[Baylisa] A Minor Etiquette Question

Robert Novak rnovak at indyramp.com
Thu Dec 6 14:19:20 PST 2012


Hi Roy,

Speaking as a longtime reader of baylisa-jobs, here, not an officer of
BayLISA or anything official...

I would definitely lean toward either responding directly to the poster, or
sighing with unfiltered resignation such that your coworkers think you
passed a stone and then moving on.

In general, while I'm not excusing the sorts of things that you see in a
lot of LinkedIn forums ("GREAT JOBS IN THE TRANSPORTATION INDUSTRY IN DELHI
TODAY" in sysadmin groups, for example), a recruiter, headhunter, hiring
manager, or employee seeking a referral bonus is trying to do something
acceptable by posting their request on baylisa-jobs. Or I'll at least give
them the benefit of the doubt until they are proven malicious.

Recruiters may have no idea what "large and distributed systems like cloud
computing" really would mean, or how to recognize same if it struck them in
the middle of the back at a really amazing floating party. The internal HR
people at the company may not even know what it means.

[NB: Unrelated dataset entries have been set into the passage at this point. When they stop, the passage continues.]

text \<open>Multiplying \<open>x\<^sub>0\<close> by elements of \<open>T \<inter> M\<close> while staying outside \<open>S\<close> must stop after
  fewer than \<open>|R|\<close> steps, because \<open>M\<close> is nil and \<open>0 \<in> S\<close>.\<close>
lemma exists_M_elem_mult_M_subset:
  assumes S: "is_subring (S :: 'a set)" and T: "is_subring T" and "x\<^sub>0 \<in> T" "x\<^sub>0 \<in> M" "x\<^sub>0 \<notin> S"
  obtains x where "x \<in> T" "x \<in> M" "x \<notin> S" "\<And>j. j \<in> T \<Longrightarrow> j \<in> M \<Longrightarrow> x * j \<in> S"
proof (rule ccontr)
  assume "\<not> thesis"
  note conclude = that
  have none: "\<exists>j \<in> T \<inter> M. x * j \<notin> S" if "x \<in> T \<inter> M" "x \<notin> S" for x
    using that conclude \<open>\<not> thesis\<close> by blast
  have "\<exists>ws. length ws = n \<and> set ws \<subseteq> T \<inter> M \<and> x\<^sub>0 * prod_list ws \<in> T \<inter> M \<and> x\<^sub>0 * prod_list ws \<notin> S"
    for n
  proof (induction n)
    case 0
    with assms show ?case by simp
  next
    case (Suc n)
    then obtain ws where ws: "length ws = n" "set ws \<subseteq> T \<inter> M"
      and prod: "x\<^sub>0 * prod_list ws \<in> T \<inter> M" "x\<^sub>0 * prod_list ws \<notin> S"
      by blast
    then obtain j where "j \<in> T \<inter> M" "x\<^sub>0 * prod_list ws * j \<notin> S"
      using none by blast
    moreover from this have "x\<^sub>0 * prod_list ws * j \<in> T \<inter> M"
      using prod by (auto intro: is_subring_mult[OF T] mult_mem_M_right)
    ultimately show ?case
      using ws by (intro exI[of _ "ws @ [j]"]) (auto simp: mult.assoc)
  qed
  then obtain ws where "length ws = CARD('a)" "set ws \<subseteq> M" "x\<^sub>0 * prod_list ws \<notin> S"
    by blast
  moreover from this have "prod_list (x\<^sub>0 # ws) = 0"
    using \<open>x\<^sub>0 \<in> M\<close> by (intro prod_list_M_eq_zero) auto
  ultimately show False
    using is_subring_zero[OF S] by simp
qed

lemma maximal_subring_decomposition:
  assumes "maximal_subring S T" "teichmuller \<subseteq> S"
  shows "\<exists>x \<in> T \<inter> M. x \<notin> S \<and> (\<forall>j \<in> T \<inter> M. x * j \<in> S)
    \<and> T = (\<lambda>(s, t). s + t * x) ` (S \<times> teichmuller_reps)"
proof -
  have S: "is_subring S" and T: "is_subring T" and "S \<subseteq> T"
    using assms(1) unfolding maximal_subring_def by auto
  have reps: "teichmuller_reps \<subseteq> S"
    using S assms(2) by (rule teichmuller_reps_subset_subring)
  obtain x\<^sub>0 where "x\<^sub>0 \<in> T" "x\<^sub>0 \<in> M" "x\<^sub>0 \<notin> S"
    using assms by (rule maximal_subring_exists_M_elem)
  then obtain x where x: "x \<in> T" "x \<in> M" "x \<notin> S" and xj: "\<And>j. j \<in> T \<Longrightarrow> j \<in> M \<Longrightarrow> x * j \<in> S"
    using exists_M_elem_mult_M_subset[OF S T] by metis
  have "T \<subseteq> (\<lambda>(s, t). s + t * x) ` (S \<times> teichmuller_reps)"
  proof
    fix y assume "y \<in> T"
    then obtain s g where "s \<in> S" "g \<in> T" "y = s + g * x"
      using maximal_subring_eq_add_mult[OF assms(1) x(1,3)] by blast
    obtain t where "t \<in> teichmuller_reps" "g - t \<in> M"
      by (rule teichmuller_reps_mod_M)
    with \<open>g \<in> T\<close> reps \<open>S \<subseteq> T\<close> have "x * (g - t) \<in> S"
      by (auto intro: xj is_subring_diff[OF T])
    with \<open>s \<in> S\<close> have "s + x * (g - t) \<in> S"
      by (rule is_subring_add[OF S])
    moreover have "y = (s + x * (g - t)) + t * x"
      using \<open>y = s + g * x\<close> by (simp add: algebra_simps)
    ultimately show "y \<in> (\<lambda>(s, t). s + t * x) ` (S \<times> teichmuller_reps)"
      using \<open>t \<in> teichmuller_reps\<close> by force
  qed
  moreover have "(\<lambda>(s, t). s + t * x) ` (S \<times> teichmuller_reps) \<subseteq> T"
    using reps \<open>S \<subseteq> T\<close> x(1) by (auto intro!: is_subring_add[OF T] is_subring_mult[OF T])
  ultimately show ?thesis
    using x xj by blast
qed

But if you assume
(bravely) that they're trying to help a company solve a problem, and in the
process trying to help a sysadmin find a job, you can give them a gentle
prod, constructive and polite suggestions, or just the benefit of the
doubt.

Having gone through thousands of resumes as a hiring manager and as a guy
looking to get colleagues and referral bonuses myself, I've seen a lot of
resumes that had the same level of clue. People who list "Ethernet" as an
expert technology but can't tell the difference between 568A and 568B.
People who demand $160k for a senior position with a junior level of
expertise. People expecting architecture roles because they built a VM by
downloading it from a vendor and importing it into Fusion.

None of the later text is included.